(* Let $(A,C,k)$ be an instance and $W$ an affordable committee. Let $\overline{W}$ be obtained from $W$ by seq-CC completion. Then the representation ratio of $\overline{W}$ is at least $1-\frac1e$.
   Context: An instance $(A,C,k)$ consists of a finite nonempty candidate set $C$, voters $N=\{1,\dots,n\}$, approval sets $A_i\subseteq C$, and a committee size $1\le k\le|C|$. A committee is $W\subseteq C$ with $|W|\le k$. $\mathrm{cov}(W)=|\{i: A_i\cap W\ne\emptyset\}|$; the representation ratio is $\mathrm{cov}(W)/\max\{\mathrm{cov}(W'):|W'|=k\}$. The seq-CC completion of $W$ repeatedly adds to the current committee a candidate $c$ not in it that maximizes $\mathrm{cov}$ of the committee with $c$ added (ties arbitrary), until the committee has size $k$. $W$ is affordable if there are $p_i:C\to\mathbb{R}_{\ge0}$ ($i\in N$) with $p_i(c)=0$ for $c\notin A_i$, $\sum_c p_i(c)\le k/n$, $\sum_i p_i(c)=1$ for $c\in W$, $\sum_i p_i(c)=0$ for $c\notin W$. *)

theory Defs
  imports Complex_Main
begin

text \<open>Voters are 1..n; A i is the approval set of voter i; C the candidate set.\<close>

definition cov :: "(nat \<Rightarrow> 'c set) \<Rightarrow> nat \<Rightarrow> 'c set \<Rightarrow> nat" where
  "cov A n W = card {i \<in> {1..n}. A i \<inter> W \<noteq> {}}"

definition opt_cov :: "(nat \<Rightarrow> 'c set) \<Rightarrow> nat \<Rightarrow> 'c set \<Rightarrow> nat \<Rightarrow> nat" where
  "opt_cov A n C k = Max ((\<lambda>W. cov A n W) ` {W. W \<subseteq> C \<and> card W = k})"

definition affordable :: "(nat \<Rightarrow> 'c set) \<Rightarrow> nat \<Rightarrow> 'c set \<Rightarrow> nat \<Rightarrow> 'c set \<Rightarrow> bool" where
  "affordable A n C k W \<longleftrightarrow>
     (\<exists>p :: nat \<Rightarrow> 'c \<Rightarrow> real.
        (\<forall>i\<in>{1..n}. \<forall>c\<in>C. p i c \<ge> 0) \<and>
        (\<forall>i\<in>{1..n}. \<forall>c\<in>C. c \<notin> A i \<longrightarrow> p i c = 0) \<and>
        (\<forall>i\<in>{1..n}. (\<Sum>c\<in>C. p i c) \<le> real k / real n) \<and>
        (\<forall>c\<in>W. (\<Sum>i\<in>{1..n}. p i c) = 1) \<and>
        (\<forall>c\<in>C - W. (\<Sum>i\<in>{1..n}. p i c) = 0))"

text \<open>seqcc_completion A n C k W W': W' is a possible outcome (any tie-breaking)
  of the seq-CC completion started at W.\<close>
inductive seqcc_completion :: "(nat \<Rightarrow> 'c set) \<Rightarrow> nat \<Rightarrow> 'c set \<Rightarrow> nat \<Rightarrow> 'c set \<Rightarrow> 'c set \<Rightarrow> bool"
  for A n C k where
  finish: "card W = k \<Longrightarrow> seqcc_completion A n C k W W"
| step: "card W < k \<Longrightarrow> c \<in> C - W \<Longrightarrow>
         (\<forall>d\<in>C - W. cov A n (insert d W) \<le> cov A n (insert c W)) \<Longrightarrow>
         seqcc_completion A n C k (insert c W) W' \<Longrightarrow>
         seqcc_completion A n C k W W'"

end

theory Submission
  imports Defs
begin

text \<open>Write \<open>q = 1 - 1/k\<close>, \<open>OPT\<close> for the optimal coverage and \<open>W'\<close> for the completion.
  Coverage is monotone and submodular, so each greedy step closes at least a \<open>1/k\<close> fraction
  of the gap \<open>OPT - cov\<close>, and the \<open>k - |W|\<close> steps multiply the initial gap by
  \<open>q^(k - |W|)\<close>. Affordability bounds the initial gap: the members of \<open>W\<close> cost \<open>|W|\<close>
  in total, only voters covered by \<open>W\<close> pay for them, and each pays at most \<open>k/n\<close>, so
  \<open>cov W \<ge> |W| n/k \<ge> |W| OPT/k\<close>. By Bernoulli's inequality \<open>1 - |W|/k \<le> q^|W|\<close>, hence
  \<open>OPT - cov W' \<le> q^k OPT \<le> OPT/e\<close>.\<close>

definition covered_voters :: "(nat \<Rightarrow> 'c set) \<Rightarrow> nat \<Rightarrow> 'c set \<Rightarrow> nat set" where
  "covered_voters A n S = {i \<in> {1..n}. A i \<inter> S \<noteq> {}}"

lemma finite_covered_voters [simp]: "finite (covered_voters A n S)"
  by (simp add: covered_voters_def)

lemma covered_voters_mono: "S \<subseteq> T \<Longrightarrow> covered_voters A n S \<subseteq> covered_voters A n T"
  by (auto simp: covered_voters_def)

lemma cov_eq_card_covered_voters: "cov A n S = card (covered_voters A n S)"
  by (simp add: cov_def covered_voters_def)

lemma cov_le: "cov A n S \<le> n"
proof -
  have "card (covered_voters A n S) \<le> card {1..n}"
    by (intro card_mono) (auto simp: covered_voters_def)
  thus ?thesis by (simp add: cov_eq_card_covered_voters)
qed

lemma cov_mono: "S \<subseteq> T \<Longrightarrow> cov A n S \<le> cov A n T"
  unfolding cov_eq_card_covered_voters by (intro card_mono covered_voters_mono) simp_all

lemma cov_le_cov_plus_marginal_gains:
  assumes "finite T"
  shows "cov A n T \<le> cov A n S + (\<Sum>x\<in>T - S. cov A n (insert x S) - cov A n S)"
proof -
  let ?V = "covered_voters A n"
  let ?new = "\<lambda>x. ?V (insert x S) - ?V S"
  have "?V T \<subseteq> ?V S \<union> (\<Union>x\<in>T - S. ?new x)"
    by (auto simp: covered_voters_def)
  moreover have "finite (?V S \<union> (\<Union>x\<in>T - S. ?new x))"
    by (rule finite_subset[of _ "{1..n}"]) (auto simp: covered_voters_def)
  ultimately have "card (?V T) \<le> card (?V S \<union> (\<Union>x\<in>T - S. ?new x))"
    by (intro card_mono)
  also have "\<dots> \<le> card (?V S) + card (\<Union>x\<in>T - S. ?new x)"
    by (rule card_Un_le)
  finally have "card (?V T) \<le> card (?V S) + card (\<Union>x\<in>T - S. ?new x)" .
  moreover have "card (\<Union>x\<in>T - S. ?new x) \<le> (\<Sum>x\<in>T - S. card (?new x))"
    using assms by (intro card_UN_le) simp
  moreover have "(\<Sum>x\<in>T - S. card (?new x)) = (\<Sum>x\<in>T - S. card (?V (insert x S)) - card (?V S))"
    by (intro sum.cong refl card_Diff_subset) (simp_all add: covered_voters_mono subset_insertI)
  ultimately show ?thesis by (simp add: cov_eq_card_covered_voters)
qed

lemma opt_cov_attained:
  assumes "finite C" "k \<le> card C"
  obtains Opt where "Opt \<subseteq> C" "card Opt = k" "cov A n Opt = opt_cov A n C k"
proof -
  let ?F = "{W. W \<subseteq> C \<and> card W = k}"
  have "finite ?F" using assms(1) by (intro finite_subset[of ?F "Pow C"]) auto
  moreover have "?F \<noteq> {}" using obtain_subset_with_card_n[OF assms(2)] by blast
  ultimately have "Max (cov A n ` ?F) \<in> cov A n ` ?F"
    by (intro Max_in finite_imageI) auto
  hence "opt_cov A n C k \<in> cov A n ` ?F"
    by (simp only: opt_cov_def)
  then obtain Opt where "Opt \<in> ?F" "opt_cov A n C k = cov A n Opt"
    by (rule imageE)
  with that show ?thesis by auto
qed

lemma opt_cov_le:
  assumes "finite C" "k \<le> card C"
  shows "opt_cov A n C k \<le> n"
proof -
  obtain Opt where "cov A n Opt = opt_cov A n C k"
    using opt_cov_attained[OF assms] .
  with cov_le[of A n Opt] show ?thesis by simp
qed

text \<open>Comparing an optimal committee with the greedy choice \<open>c\<close> candidate by candidate
  gives \<open>OPT - cov W \<le> k (cov (W + c) - cov W)\<close>.\<close>

lemma greedy_step_gap:
  assumes "finite C" "k \<le> card C" "1 \<le> k" "c \<in> C - W"
    and greedy: "\<forall>d\<in>C - W. cov A n (insert d W) \<le> cov A n (insert c W)"
  shows "real (opt_cov A n C k) - cov A n (insert c W)
           \<le> (1 - 1 / real k) * (real (opt_cov A n C k) - cov A n W)"
proof -
  let ?gain = "cov A n (insert c W) - cov A n W"
  obtain Opt where Opt: "Opt \<subseteq> C" "card Opt = k" "cov A n Opt = opt_cov A n C k"
    using opt_cov_attained[OF assms(1,2)] .
  have "finite Opt" using Opt(1) assms(1) by (rule finite_subset)
  have "(\<Sum>x\<in>Opt - W. cov A n (insert x W) - cov A n W) \<le> (\<Sum>x\<in>Opt - W. ?gain)"
    using Opt(1) greedy by (intro sum_mono diff_le_mono) blast
  also have "\<dots> \<le> k * ?gain"
    using card_mono[OF \<open>finite Opt\<close>, of "Opt - W"] Opt(2) by simp
  finally have "opt_cov A n C k \<le> cov A n W + k * ?gain"
    using cov_le_cov_plus_marginal_gains[OF \<open>finite Opt\<close>, of A n W] Opt(3) by linarith
  hence "real (opt_cov A n C k) \<le> real (cov A n W + k * ?gain)"
    by (simp only: of_nat_le_iff)
  also have "\<dots> = cov A n W + real k * (real (cov A n (insert c W)) - cov A n W)"
    using cov_mono[of W "insert c W" A n] by (simp add: of_nat_diff subset_insertI)
  finally have "real (opt_cov A n C k) - cov A n W \<le> real k * (real (cov A n (insert c W)) - cov A n W)"
    by simp
  with assms(3) show ?thesis by (simp add: field_simps)
qed

lemma seqcc_completion_gap:
  assumes "seqcc_completion A n C k S S'"
    and "finite C" "k \<le> card C" "1 \<le> k" "S \<subseteq> C"
  shows "real (opt_cov A n C k) - cov A n S'
           \<le> (1 - 1 / real k) ^ (k - card S) * (real (opt_cov A n C k) - cov A n S)"
  using assms
proof (induction rule: seqcc_completion.induct)
  case (finish W)
  then show ?case by simp
next
  case (step W c W')
  let ?q = "1 - 1 / real k"
  let ?gap = "\<lambda>S. real (opt_cov A n C k) - cov A n S"
  have "card (insert c W) = Suc (card W)"
    using step.hyps(2) finite_subset[OF step.prems(4,1)] by simp
  hence exp: "k - card W = Suc (k - card (insert c W))" using step.hyps(1) by simp
  have q_nonneg: "0 \<le> ?q" using step.prems(3) by simp
  have "insert c W \<subseteq> C" using step.hyps(2) step.prems(4) by blast
  hence "?gap W' \<le> ?q ^ (k - card (insert c W)) * ?gap (insert c W)"
    by (rule step.IH[OF step.prems(1-3)])
  also have "\<dots> \<le> ?q ^ (k - card (insert c W)) * (?q * ?gap W)"
    using greedy_step_gap[OF step.prems(1-3) step.hyps(2,3)] q_nonneg
    by (intro mult_left_mono) simp_all
  also have "\<dots> = ?q ^ (k - card W) * ?gap W"
    unfolding exp by simp
  finally show ?case .
qed

text \<open>Only covered voters can pay for members of \<open>W\<close>, and each pays at most \<open>k/n\<close>.\<close>

lemma affordable_card_le_cov:
  assumes "affordable A n C k W" "finite C" "W \<subseteq> C"
  shows "real (card W) \<le> real (cov A n W) * real k / real n"
proof -
  let ?V = "covered_voters A n W"
  obtain p where
    nonneg: "\<forall>i\<in>{1..n}. \<forall>c\<in>C. p i c \<ge> 0" and
    approved: "\<forall>i\<in>{1..n}. \<forall>c\<in>C. c \<notin> A i \<longrightarrow> p i c = 0" and
    budget: "\<forall>i\<in>{1..n}. (\<Sum>c\<in>C. p i c) \<le> real k / real n" and
    paid: "\<forall>c\<in>W. (\<Sum>i\<in>{1..n}. p i c) = 1"
    using assms(1) unfolding affordable_def by blast
  have "real (card W) = (\<Sum>c\<in>W. \<Sum>i\<in>{1..n}. p i c)"
    using paid by simp
  also have "\<dots> = (\<Sum>i\<in>{1..n}. \<Sum>c\<in>W. p i c)"
    by (rule sum.swap)
  also have "\<dots> = (\<Sum>i\<in>?V. \<Sum>c\<in>W. p i c)"
    using approved assms(3)
    by (intro sum.mono_neutral_right) (auto simp: covered_voters_def intro!: sum.neutral)
  also have "\<dots> \<le> (\<Sum>i\<in>?V. real k / real n)"
  proof (rule sum_mono)
    fix i assume "i \<in> ?V"
    hence i: "i \<in> {1..n}" by (simp add: covered_voters_def)
    have "(\<Sum>c\<in>W. p i c) \<le> (\<Sum>c\<in>C. p i c)"
      using nonneg i assms(2,3) by (intro sum_mono2) auto
    with budget i show "(\<Sum>c\<in>W. p i c) \<le> real k / real n" by fastforce
  qed
  finally show ?thesis by (simp add: cov_eq_card_covered_voters)
qed

lemma affordable_gap:
  assumes "affordable A n C k W" "finite C" "W \<subseteq> C" "k \<le> card C" "1 \<le> k" "1 \<le> n"
  shows "real (opt_cov A n C k) - cov A n W \<le> real (opt_cov A n C k) * (1 - real (card W) / real k)"
proof -
  have "real (card W) * real n \<le> real (cov A n W) * real k"
    using affordable_card_le_cov[OF assms(1-3)] assms(6) by (simp add: field_simps)
  moreover have "real (opt_cov A n C k) * real (card W) \<le> real n * real (card W)"
    using opt_cov_le[OF assms(2,4)] by (intro mult_right_mono) simp_all
  ultimately show ?thesis
    using assms(5) by (simp add: field_simps)
qed

lemma one_minus_div_le_power:
  assumes "1 \<le> k"
  shows "1 - real m / real k \<le> (1 - 1 / real k) ^ m"
proof -
  have "-1 \<le> - 1 / real k" using assms by simp
  from Bernoulli_inequality[OF this, of m] show ?thesis by simp
qed

lemma one_minus_inverse_power_le_exp:
  assumes "1 \<le> k"
  shows "(1 - 1 / real k) ^ k \<le> exp (-1)"
proof -
  have "(1 - 1 / real k) ^ k \<le> exp (- 1 / real k) ^ k"
    using exp_ge_add_one_self[of "- 1 / real k"] assms by (intro power_mono) simp_all
  also have "\<dots> = exp (-1)"
    using assms by (simp flip: exp_of_nat_mult)
  finally show ?thesis .
qed

theorem theorem5:
  fixes A :: "nat \<Rightarrow> 'c set" and n k :: nat and C W Wbar :: "'c set"
  assumes "finite C" and "C \<noteq> {}"
    and "n \<ge> 1"
    and "\<forall>i\<in>{1..n}. A i \<subseteq> C"
    and "1 \<le> k" and "k \<le> card C"
    and "W \<subseteq> C" and "card W \<le> k"
    and "affordable A n C k W"
    and "seqcc_completion A n C k W Wbar"
  shows "real (cov A n Wbar) \<ge> (1 - 1 / exp 1) * real (opt_cov A n C k)"
proof -
  let ?q = "1 - 1 / real k"
  let ?opt = "real (opt_cov A n C k)"
  have q_nonneg: "0 \<le> ?q" using assms(5) by simp
  have initial_gap: "?opt - cov A n W \<le> ?opt * ?q ^ card W"
    using affordable_gap[OF assms(9,1,7,6,5,3)] one_minus_div_le_power[OF assms(5), of "card W"]
    by (rule order_trans[OF _ mult_left_mono]) simp
  have "?opt - cov A n Wbar \<le> ?q ^ (k - card W) * (?opt - cov A n W)"
    using seqcc_completion_gap[OF assms(10,1,6,5,7)] .
  also have "\<dots> \<le> ?q ^ (k - card W) * (?opt * ?q ^ card W)"
    using initial_gap q_nonneg by (intro mult_left_mono zero_le_power)
  also have "\<dots> = ?opt * ?q ^ k"
    using assms(8) by (simp add: ac_simps flip: power_add)
  also have "\<dots> \<le> ?opt * exp (-1)"
    using one_minus_inverse_power_le_exp[OF assms(5)] by (rule mult_left_mono) simp
  finally have "?opt - cov A n Wbar \<le> ?opt * exp (-1)" .
  moreover have "(1 - 1 / exp 1) * ?opt = ?opt - ?opt * exp (-1)"
    by (simp add: exp_minus inverse_eq_divide algebra_simps)
  ultimately show ?thesis by linarith
qed

end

......

» TASK BRIEF
In the records, how many lines have the word "linarith" in them? Only the number is needed.

» ANSWER
2